Response functions after a quantum quench

TL;DR

This paper develops a method to extract full dynamical response functions, including linear responses, from quantum systems after a quench, extending previous work focused only on symmetrized correlations, and demonstrates light-cone effects in these responses.

Contribution

It introduces a new prescription to obtain complete dynamical response functions from static boundary theories after a quantum quench, broadening the scope of previous methods.

Findings

Method allows retrieval of full dynamical response functions.

Demonstrates emergence of light-cone effects in response functions.

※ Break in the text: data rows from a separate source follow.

text \<open>The open sets \<open>G \<union> - [u]_\<beta>\<close>, \<open>\<beta> < \<alpha>\<close>, increase with \<open>\<beta>\<close> and cover the compact cut
  \<open>[u]_(\<alpha>/2)\<close>, so a single one of them already does.\<close>

lemma cut_subset_open_below:
  fixes u :: "'a::metric_space \<Rightarrow> real"
  assumes u: "F_USCG u" and \<alpha>: "0 < \<alpha>" "\<alpha> \<le> 1" and G: "open G" "cut u \<alpha> \<subseteq> G"
  obtains \<beta> where "0 < \<beta>" "\<beta> < \<alpha>" "cut u \<beta> \<subseteq> G"
proof -
  define K where "K = cut u (\<alpha> / 2)"
  have K: "compact K" "K \<noteq> {}" using \<alpha> by (simp_all add: K_def F_USCG_cut[OF u])
  have opn: "open (G \<union> - cut u \<beta>)" if "\<beta> \<in> {\<alpha>/2..<\<alpha>}" for \<beta>
  proof -
    from that \<alpha> have "0 < \<beta>" "\<beta> \<le> 1" by auto
    then have "closed (cut u \<beta>)" by (intro compact_imp_closed F_USCG_cut(1)[OF u])
    then show ?thesis using G(1) by (simp add: open_Un open_Compl)
  qed
  have cover: "K \<subseteq> (\<Union>\<beta>\<in>{\<alpha>/2..<\<alpha>}. G \<union> - cut u \<beta>)"
  proof
    fix y assume "y \<in> K"
    show "y \<in> (\<Union>\<beta>\<in>{\<alpha>/2..<\<alpha>}. G \<union> - cut u \<beta>)"
    proof (cases "\<alpha> \<le> u y")
      case True
      then have "y \<in> G" using G(2) \<alpha> by (auto simp: cut_eq_superlevel)
      then show ?thesis using \<alpha> by (intro UN_I[of "\<alpha> / 2"]) simp_all
    next
      case False
      then have "(u y + \<alpha>) / 2 \<in> {\<alpha>/2..<\<alpha>}" "y \<notin> cut u ((u y + \<alpha>) / 2)"
        using \<open>y \<in> K\<close> \<alpha> by (auto simp: K_def cut_eq_superlevel)
      then show ?thesis by (intro UN_I[of "(u y + \<alpha>) / 2"]) simp_all
    qed
  qed
  obtain B where B: "B \<subseteq> {\<alpha>/2..<\<alpha>}" "finite B" "K \<subseteq> (\<Union>\<beta>\<in>B. G \<union> - cut u \<beta>)"
    by (rule compactE_image[OF K(1) opn cover])
  then have "B \<noteq> {}" using K(2) by auto
  define \<beta> where "\<beta> = Max B"
  have \<beta>: "\<beta> \<in> {\<alpha>/2..<\<alpha>}" using Max_in[OF B(2) \<open>B \<noteq> {}\<close>] B(1) unfolding \<beta>_def by blast
  have "cut u \<beta> \<subseteq> G"
  proof
    fix y assume "y \<in> cut u \<beta>"
    moreover have "cut u \<beta> \<subseteq> K" using \<beta> \<alpha> by (auto simp: K_def cut_eq_superlevel)
    ultimately obtain \<gamma> where \<gamma>: "\<gamma> \<in> B" "y \<in> G \<union> - cut u \<gamma>" using B(3) by blast
    have "0 < \<gamma>" "\<gamma> \<le> \<beta>" using \<gamma>(1) B(1) \<alpha> Max_ge[OF B(2)] unfolding \<beta>_def by auto
    then have "y \<in> cut u \<gamma>" using \<open>y \<in> cut u \<beta>\<close> \<beta> \<alpha> by (auto simp: cut_eq_superlevel)
    then show "y \<in> G" using \<gamma>(2) by blast
  qed
  then show thesis using \<beta> \<alpha> by (intro that) auto
qed

lemma tendsto_H_end_0_iff:
  assumes "\<And>n. F_USCG (us n)"
  shows "(\<lambda>n. H_end (us n) u) \<longlonglongrightarrow> 0 \<longleftrightarrow>
    (\<forall>e>0. eventually (\<lambda>n. within_nbhd dbar e (endo (us n)) (endo u)
                           \<and> within_nbhd dbar e (endo u) (endo (us n))) sequentially)"
  unfolding H_end_def using endo_nonempty[OF assms]
  by (rule tendsto_hausdorff_0_iff) (simp_all add: dbar_nonneg dbar_commute)

lemma tendsto_H_cut_0_iff:
  fixes u :: "'a::metric_space \<Rightarrow> real"
  assumes "\<And>n. F_USCG (us n)" "0 < \<alpha>" "\<alpha> \<le> 1"
  shows "(\<lambda>n. H (cut (us n) \<alpha>) (cut u \<alpha>)) \<longlonglongrightarrow> 0 \<longleftrightarrow>
    (\<forall>e>0. eventually (\<lambda>n. within_nbhd dist e (cut (us n) \<alpha>) (cut u \<alpha>)
                           \<and> within_nbhd dist e (cut u \<alpha>) (cut (us n) \<alpha>)) sequentially)"
  unfolding H_def using F_USCG_cut(2)[OF assms]
  by (rule tendsto_hausdorff_0_iff) (simp_all add: dist_commute)
(* Let $N\ge0$ and $\mathbf{X}:[0,T]\to T^N_\omega(A)$. Then $\mathbf{X}$ is an $N$-sqgrp if and only if $\hat{\mathbf{X}}:=\Phi_H^*\mathbf{X}$ is a weighted $N$-sgrp. Conversely, a path $\hat{\mathbf{X}}:[0,T]\to T^N_\omega(A)$ is a weighted $N$-sgrp if and only if $\mathbf{X}:=\Psi_H^*\hat{\mathbf{X}}$ is an $N$-sqgrp. The same holds for $N$-sqgrms (versus weighted $N$-sgrms), sqgrps (versus weighted sgrps) and sqgrms (versus weighted sgrms), with $\Phi_H^*,\Psi_H^*$ applied pointwise.
   Context: Alphabet $A$ with commutative bracket $\{\cdot,\cdot\}$ on $A\cup\{0\}$ ($\{a,0\}=0$, commutative, associative) and weight $\omega:A\to\{1,2,\dots\}$ with $\omega(\{a,b\})=\omega(a)+\omega(b)$ when $\{a,b\}\ne0$; $A$ has finitely many letters of each weight. Words $w=a_1\cdots a_n$ (incl. empty word $\mathbf{1}$), $\|w\|=\sum\omega(a_i)$, $\{a_1\cdots a_n\}$ the iterated bracket. $T_\omega(A)$: polynomials in words; $T_\omega((A))$: formal series; $\langle x,w\rangle$ coefficient of $w$; $\otimes$ concatenation. $T^N_\omega(A)$: span of words with $\|w\|\le N$, quotient algebra with product $\otimes_{N,\omega}$. Shuffle $\sqcup\!\sqcup$ and quasi-shuffle $\widehat{\sqcup\!\sqcup}$: bilinear, unit $\mathbf{1}$, $va\,\widehat{\sqcup\!\sqcup}\,wb=(v\,\widehat{\sqcup\!\sqcup}\,wb)a+(va\,\widehat{\sqcup\!\sqcup}\,w)b+(v\,\widehat{\sqcup\!\sqcup}\,w)\{a,b\}$, shuffle without the last term. Hoffman adjoint maps $\Phi^*_H,\Psi^*_H$: multiplicative on words (w.r.t. concatenation), $\Phi^*_H(a)=\sum_{n\ge1}\sum_{\{a_1\cdots a_n\}=a}\frac1{n!}a_1\cdots a_n$, $\Psi^*_H(a)=\sum_{n\ge1}\sum_{\{a_1\cdots a_n\}=a}\frac{(-1)^{n-1}}{n}a_1\cdots a_n$, extended linearly and coordinatewise to series; they preserve $\|\cdot\|$ (so act on $T^N_\omega(A)$). $N$-sqgrp: non-zero path $\mathbf{X}:[0,T]\to T^N_\omega(A)$ with $\langle\mathbf{X}_t,v\,\widehat{\sqcup\!\sqcup}\,w\rangle=\langle\mathbf{X}_t,v\rangle\langle\mathbf{X}_t,w\rangle$ for all $t$ and words with $\|v\|+\|w\|\le N$, and $t\mapsto\langle\mathbf{X}_t,w\rangle$ smooth for $\|w\|\le N$. $N$-sqgrm: non-zero map $[0,T]^2\to T^N_\omega(A)$ with this relation for each $\mathbf{X}_{s,t}$, $\mathbf{X}_{s,u}\otimes_{N,\omega}\mathbf{X}_{u,t}=\mathbf{X}_{s,t}$, and $t\mapsto\langle\mathbf{X}_{s,t},w\rangle$ smooth. sqgrp/sqgrm: same with values in $T_\omega((A))$, all words, and $\otimes$. Weighted ($N$-)sgrp/sgrm: the same definitions with $\sqcup\!\sqcup$ in place of $\widehat{\sqcup\!\sqcup}$. *)

theory Defs
  imports "HOL-Analysis.Analysis"
begin

text \<open>Words over the alphabet 'a are lists; formal series (and truncated tensors) are
  coefficient functions 'a list => real.  The bracket on A \<union> {0} is modelled as
  br :: 'a => 'a => 'a option, with None playing the role of 0.\<close>

type_synonym 'a series = "'a list \<Rightarrow> real"

definition wnorm :: "('a \<Rightarrow> nat) \<Rightarrow> 'a list \<Rightarrow> nat" where
  "wnorm wt w = sum_list (map wt w)"

fun ibr :: "('a \<Rightarrow> 'a \<Rightarrow> 'a option) \<Rightarrow> 'a list \<Rightarrow> 'a option" where
  "ibr br [] = None"
| "ibr br [a] = Some a"
| "ibr br (a # b # w) = (case ibr br (b # w) of None \<Rightarrow> None | Some c \<Rightarrow> br a c)"

definition bracket_weight_ok :: "('a \<Rightarrow> 'a \<Rightarrow> 'a option) \<Rightarrow> ('a \<Rightarrow> nat) \<Rightarrow> bool" where
  "bracket_weight_ok br wt \<longleftrightarrow>
     (\<forall>a b. br a b = br b a) \<and>
     (\<forall>a b d. (case br a b of None \<Rightarrow> None | Some c \<Rightarrow> br c d)
             = (case br b d of None \<Rightarrow> None | Some e \<Rightarrow> br a e)) \<and>
     (\<forall>a. wt a \<ge> 1) \<and>
     (\<forall>a b c. br a b = Some c \<longrightarrow> wt c = wt a + wt b) \<and>
     (\<forall>n. finite {a. wt a = n})"

text \<open>Quasi-shuffle and shuffle, as lists of words (all coefficients are natural numbers,
  a word appearing with multiplicity).  They are defined via last letters, by working on
  reversed words.\<close>
fun qshr :: "('a \<Rightarrow> 'a \<Rightarrow> 'a option) \<Rightarrow> 'a list \<Rightarrow> 'a list \<Rightarrow> 'a list list" where
  "qshr br [] w = [w]"
| "qshr br (a # v) [] = [a # v]"
| "qshr br (a # v) (b # w) =
     map ((#) a) (qshr br v (b # w)) @ map ((#) b) (qshr br (a # v) w) @
     (case br a b of None \<Rightarrow> [] | Some c \<Rightarrow> map ((#) c) (qshr br v w))"

definition qsh :: "('a \<Rightarrow> 'a \<Rightarrow> 'a option) \<Rightarrow> 'a list \<Rightarrow> 'a list \<Rightarrow> 'a list list" where
  "qsh br v w = map rev (qshr br (rev v) (rev w))"

definition sh :: "'a list \<Rightarrow> 'a list \<Rightarrow> 'a list list" where
  "sh v w = qsh (\<lambda>_ _. None) v w"

text \<open>pairing <x, p> of a series with a polynomial given as a list of words\<close>
definition pair :: "'a series \<Rightarrow> 'a list list \<Rightarrow> real" where
  "pair x p = sum_list (map x p)"

definition cprod :: "'a series \<Rightarrow> 'a series \<Rightarrow> 'a series" where
  "cprod x y w = (\<Sum>i\<le>length w. x (take i w) * y (drop i w))"

definition tprod :: "('a \<Rightarrow> nat) \<Rightarrow> nat \<Rightarrow> 'a series \<Rightarrow> 'a series \<Rightarrow> 'a series" where
  "tprod wt N x y w = (if wnorm wt w \<le> N then cprod x y w else 0)"

definition unit_series :: "'a series" where
  "unit_series w = (if w = [] then 1 else 0)"

definition trunc_space :: "('a \<Rightarrow> nat) \<Rightarrow> nat \<Rightarrow> 'a series set" where
  "trunc_space wt N = {x. \<forall>w. N < wnorm wt w \<longrightarrow> x w = 0}"

definition phi_letter :: "('a \<Rightarrow> 'a \<Rightarrow> 'a option) \<Rightarrow> 'a \<Rightarrow> 'a series" where
  "phi_letter br a u = (if u \<noteq> [] \<and> ibr br u = Some a then 1 / fact (length u) else 0)"

definition psi_letter :: "('a \<Rightarrow> 'a \<Rightarrow> 'a option) \<Rightarrow> 'a \<Rightarrow> 'a series" where
  "psi_letter br a u = (if u \<noteq> [] \<and> ibr br u = Some a
      then (-1) ^ (length u - 1) / real (length u) else 0)"

definition word_map :: "('a \<Rightarrow> 'a series) \<Rightarrow> 'a list \<Rightarrow> 'a series" where
  "word_map L w = foldr (\<lambda>a acc. cprod (L a) acc) w unit_series"

text \<open>linear, coordinatewise extension: (L* X) at u = sum over words w of X(w) <L*(w), u>;
  only words of the same weight contribute (the maps preserve weight).\<close>
definition adj_map :: "('a \<Rightarrow> 'a series) \<Rightarrow> ('a \<Rightarrow> nat) \<Rightarrow> 'a series \<Rightarrow> 'a series" where
  "adj_map L wt X u = (\<Sum>w\<in>{w. wnorm wt w = wnorm wt u}. X w * word_map L w u)"

definition PhiH :: "('a \<Rightarrow> 'a \<Rightarrow> 'a option) \<Rightarrow> ('a \<Rightarrow> nat) \<Rightarrow> 'a series \<Rightarrow> 'a series" where
  "PhiH br wt = adj_map (phi_letter br) wt"

definition PsiH :: "('a \<Rightarrow> 'a \<Rightarrow> 'a option) \<Rightarrow> ('a \<Rightarrow> nat) \<Rightarrow> 'a series \<Rightarrow> 'a series" where
  "PsiH br wt = adj_map (psi_letter br) wt"

text \<open>C^infinity on a set (one-sided derivatives at endpoints of an interval)\<close>
definition smooth_on_set :: "real set \<Rightarrow> (real \<Rightarrow> real) \<Rightarrow> bool" where
  "smooth_on_set S f \<longleftrightarrow> (\<exists>D :: nat \<Rightarrow> real \<Rightarrow> real.
      (\<forall>t\<in>S. D 0 t = f t) \<and>
      (\<forall>n. \<forall>t\<in>S. (D n has_real_derivative D (Suc n) t) (at t within S)))"

definition N_grp :: "('a list \<Rightarrow> 'a list \<Rightarrow> 'a list list) \<Rightarrow> ('a \<Rightarrow> nat) \<Rightarrow> nat \<Rightarrow> real
     \<Rightarrow> (real \<Rightarrow> 'a series) \<Rightarrow> bool" where
  "N_grp P wt N T X \<longleftrightarrow>
     (\<forall>t\<in>{0..T}. X t \<in> trunc_space wt N \<and> X t \<noteq> (\<lambda>_. 0)) \<and>
     (\<forall>t\<in>{0..T}. \<forall>v w. wnorm wt v + wnorm wt w \<le> N \<longrightarrow>
         pair (X t) (P v w) = X t v * X t w) \<and>
     (\<forall>w. wnorm wt w \<le> N \<longrightarrow> smooth_on_set {0..T} (\<lambda>t. X t w))"
theorem propositionC4:
  shows
  "(\<forall>rho::real. 0 < rho \<and> rho < 1/12 \<longrightarrow>
      (\<exists>eps>0. \<forall>(d::nat) (lam::real) (rho0::real) a b c (t::real).
         3 \<le> d \<longrightarrow> 0 < lam \<longrightarrow> 0 < rho0 \<longrightarrow> rho0 < eps \<longrightarrow>
         is_traj d lam (rho0 / (real d + lam)) a b c \<longrightarrow>
         {s. 0 \<le> s \<and> rho \<le> a s} \<noteq> {} \<longrightarrow> T2' a rho \<le> t \<longrightarrow>
           rho \<le> a t \<and> b t \<le> 1 / (3 * (1 + lam)) \<and>
           (real d - 2) * (c t)\<^sup>2 \<le> 1 / (real d - 2) \<and>
           1 - align d (a t) (b t) (c t)
             \<le> 1 / (2 * rho\<^sup>2) * (1 / (9 * (1 + lam)\<^sup>2) + 1 / (real d - 2))))
   \<and>
   (\<forall>rho::real. 0 < rho \<and> rho < 1/12 \<longrightarrow>
      (\<forall>(D::nat \<Rightarrow> nat) (L::nat \<Rightarrow> real) (R0::nat \<Rightarrow> real)
         (A::nat \<Rightarrow> real \<Rightarrow> real) (B::nat \<Rightarrow> real \<Rightarrow> real) (C::nat \<Rightarrow> real \<Rightarrow> real).
         filterlim D at_top sequentially \<longrightarrow> filterlim L at_top sequentially \<longrightarrow>
         R0 \<longlonglongrightarrow> 0 \<longrightarrow>
         (\<forall>n. 3 \<le> D n \<and> 0 < L n \<and> 0 < R0 n \<and>
              is_traj (D n) (L n) (R0 n / (real (D n) + L n)) (A n) (B n) (C n)) \<longrightarrow>
         (\<forall>e>0. \<forall>\<^sub>F n in sequentially. \<forall>t.
              {s. 0 \<le> s \<and> rho \<le> A n s} \<noteq> {} \<longrightarrow> T2' (A n) rho \<le> t \<longrightarrow>
              1 - align (D n) (A n t) (B n t) (C n t) \<le> e)))"
  apply (intro conjI allI impI)
  subgoal premises rho for rho
  proof -
    have "0 < rho" "rho \<le> 5/9"
      using rho by auto
    then show ?thesis
      using traj_bounds_small_init by (intro exI[of _ "1/3"] conjI) (simp, blast)
  qed
  subgoal premises prems for rho D L R0 A B C e
  proof -
    have rho: "0 < rho" "rho \<le> 5/9"
      using prems(1) by auto
    have "\<forall>\<^sub>F n in sequentially. R0 n < 1/3"
      using prems(4) by (rule order_tendstoD) simp
    moreover have "\<forall>\<^sub>F n in sequentially.
        1 / (2 * rho\<^sup>2) * (1 / (9 * (1 + L n)\<^sup>2) + 1 / (real (D n) - 2)) < e"
      using misalignment_bound_tendsto_0[OF prems(2,3)] prems(6) by (rule order_tendstoD)
    ultimately show ?thesis
    proof eventually_elim
      case (elim n)
      have traj: "3 \<le> D n" "0 < L n" "0 < R0 n" "R0 n < 1/3"
        "is_traj (D n) (L n) (R0 n / (real (D n) + L n)) (A n) (B n) (C n)"
        using prems(5) elim(1) by auto
      show ?case
      proof (intro allI impI)
        fix t assume "{s. 0 \<le> s \<and> rho \<le> A n s} \<noteq> {}" "T2' (A n) rho \<le> t"
        then have "1 - align (D n) (A n t) (B n t) (C n t)
            \<le> 1 / (2 * rho\<^sup>2) * (1 / (9 * (1 + L n)\<^sup>2) + 1 / (real (D n) - 2))"
          using traj_bounds_small_init[OF traj rho] by blast
        with elim(2) show "1 - align (D n) (A n t) (B n t) (C n t) \<le> e"
          by linarith
      qed
    qed
  qed
  done

end
lemma halfplane_le_if_disjoint_ball:
  assumes "cmod n = 1" "r > 0" "ball c r \<inter> {z. Re (cnj n * z) > d} = {}"
  shows "Re (cnj n * c) + r \<le> d"
proof (rule ccontr)
  assume "\<not> ?thesis"
  then have e: "d - Re (cnj n * c) < r"
    by simp
  define s where "s = (r + max (d - Re (cnj n * c)) 0) / 2"
  define z where "z = c + n * of_real s"
  have s: "0 < s" "s < r" "d - Re (cnj n * c) < s"
    using e assms(2) by (auto simp: s_def)
  have "dist c z = s"
    using assms(1) s by (simp add: z_def dist_norm norm_mult)
  moreover have "Re (cnj n * z) = Re (cnj n * c) + s"
    using cnj_mult_self_unit[OF assms(1)] by (simp add: z_def distrib_left mult.assoc[symmetric])
  ultimately have "z \<in> ball c r \<inter> {z. Re (cnj n * z) > d}"
    using s by simp
  with assms(3) show False
    by blast
qed

lemma lines_meet_if_not_parallel:
  assumes "cmod n1 = 1" "Im (cnj n1 * n2) \<noteq> 0"
  obtains z where "Re (cnj n1 * z) = d1" "Re (cnj n2 * z) = d2"
proof
  define u where "u = cnj n1 * n2"
  define w where "w = Complex d1 ((d2 - d1 * Re u) / Im u)"
  have "cnj n1 * (n1 * w) = w"
    using cnj_mult_self_unit[OF assms(1)] by (simp add: mult.assoc[symmetric])
  then show "Re (cnj n1 * (n1 * w)) = d1"
    by (simp only:) (simp add: w_def)
  have "cnj n2 * (n1 * w) = cnj u * w"
    by (simp add: u_def ac_simps)
  then show "Re (cnj n2 * (n1 * w)) = d2"
    using assms(2) unfolding u_def[symmetric] by (simp only:) (simp add: w_def field_simps)
qed

lemma tangent_sym: "tangent C D \<Longrightarrow> tangent D C"
  by (simp add: tangent_def Int_commute)

lemma Some_in_bdry_hat [simp]: "Some z \<in> bdry_hat C \<longleftrightarrow> z \<in> bdry C"
  by (auto simp: bdry_hat_def)

lemma None_in_bdry_hat [simp]: "None \<in> bdry_hat C \<longleftrightarrow> is_line C"
  by (auto simp: bdry_hat_def)

lemma tangent_common_point:
  assumes "tangent C D" "\<not> is_line C"
  obtains z where "z \<in> bdry C" "z \<in> bdry D"
proof -
  obtain p where p: "p \<in> bdry_hat C" "p \<in> bdry_hat D"
    using assms(1) unfolding tangent_def by blast
  then obtain z where "p = Some z"
    using assms(2) by (cases p) auto
  with p that show ?thesis
    by simp
qed

lemma tangent_lines_disjoint:
  assumes "tangent C D" "is_line C" "is_line D"
  shows "bdry C \<inter> bdry D = {}"
proof -
  have "None \<in> bdry_hat C \<inter> bdry_hat D"
    using assms(2,3) by simp
  then have "Some z \<notin> bdry_hat C \<inter> bdry_hat D" for z
    using assms(1) unfolding tangent_def by (metis option.distinct(1))
  then show ?thesis
    by auto
qed

section \<open>Augmented curvature-center coordinates\<close>

text \<open>The curvature of the image under inversion in the unit circle (for a line, twice its
  signed distance from the origin); the sign convention follows \<^const>\<open>curv\<close>.\<close>

fun co_curv :: "ocircle \<Rightarrow> real" where
  "co_curv (Disk c r) = ((cmod c)\<^sup>2 - r\<^sup>2) / r"
| "co_curv (CoDisk c r) = - (((cmod c)\<^sup>2 - r\<^sup>2) / r)"
| "co_curv (HPlane n d) = 2 * d"

definition aug_coords :: "ocircle \<Rightarrow> real^4" where
  "aug_coords C = (\<chi> l. if l = 1 then co_curv C else if l = 2 then curv C
                        else if l = 3 then Re (curv_center C) else Im (curv_center C))"

lemma aug_coords_nth [simp]:
  "aug_coords C $ 1 = co_curv C" "aug_coords C $ 2 = curv C"
  "aug_coords C $ 3 = Re (curv_center C)" "aug_coords C $ 4 = Im (curv_center C)"
  by (simp_all add: aug_coords_def)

Extends previous approaches focused solely on correlation functions.

Abstract

The response of physical systems to external perturbations can be used to probe both their equilibrium and non-equilibrium dynamics. While response and correlation functions are related in equilibrium by fluctuation-dissipation theorems, out of equilibrium they provide complementary information on the dynamics. In the past years, a method has been devised to map the quantum dynamics of an isolated extended system after a quench onto a static theory with boundaries in imaginary time; up to now, however, the focus was entirely on symmetrized correlation functions. Here we provide a prescription which, in principle, allows one to retrieve the whole set of relevant dynamical quantities characterizing the evolution, including linear response functions. We illustrate this construction with some relevant examples, showing in the process the emergence of light-cone effects similar to those observed in correlation functions.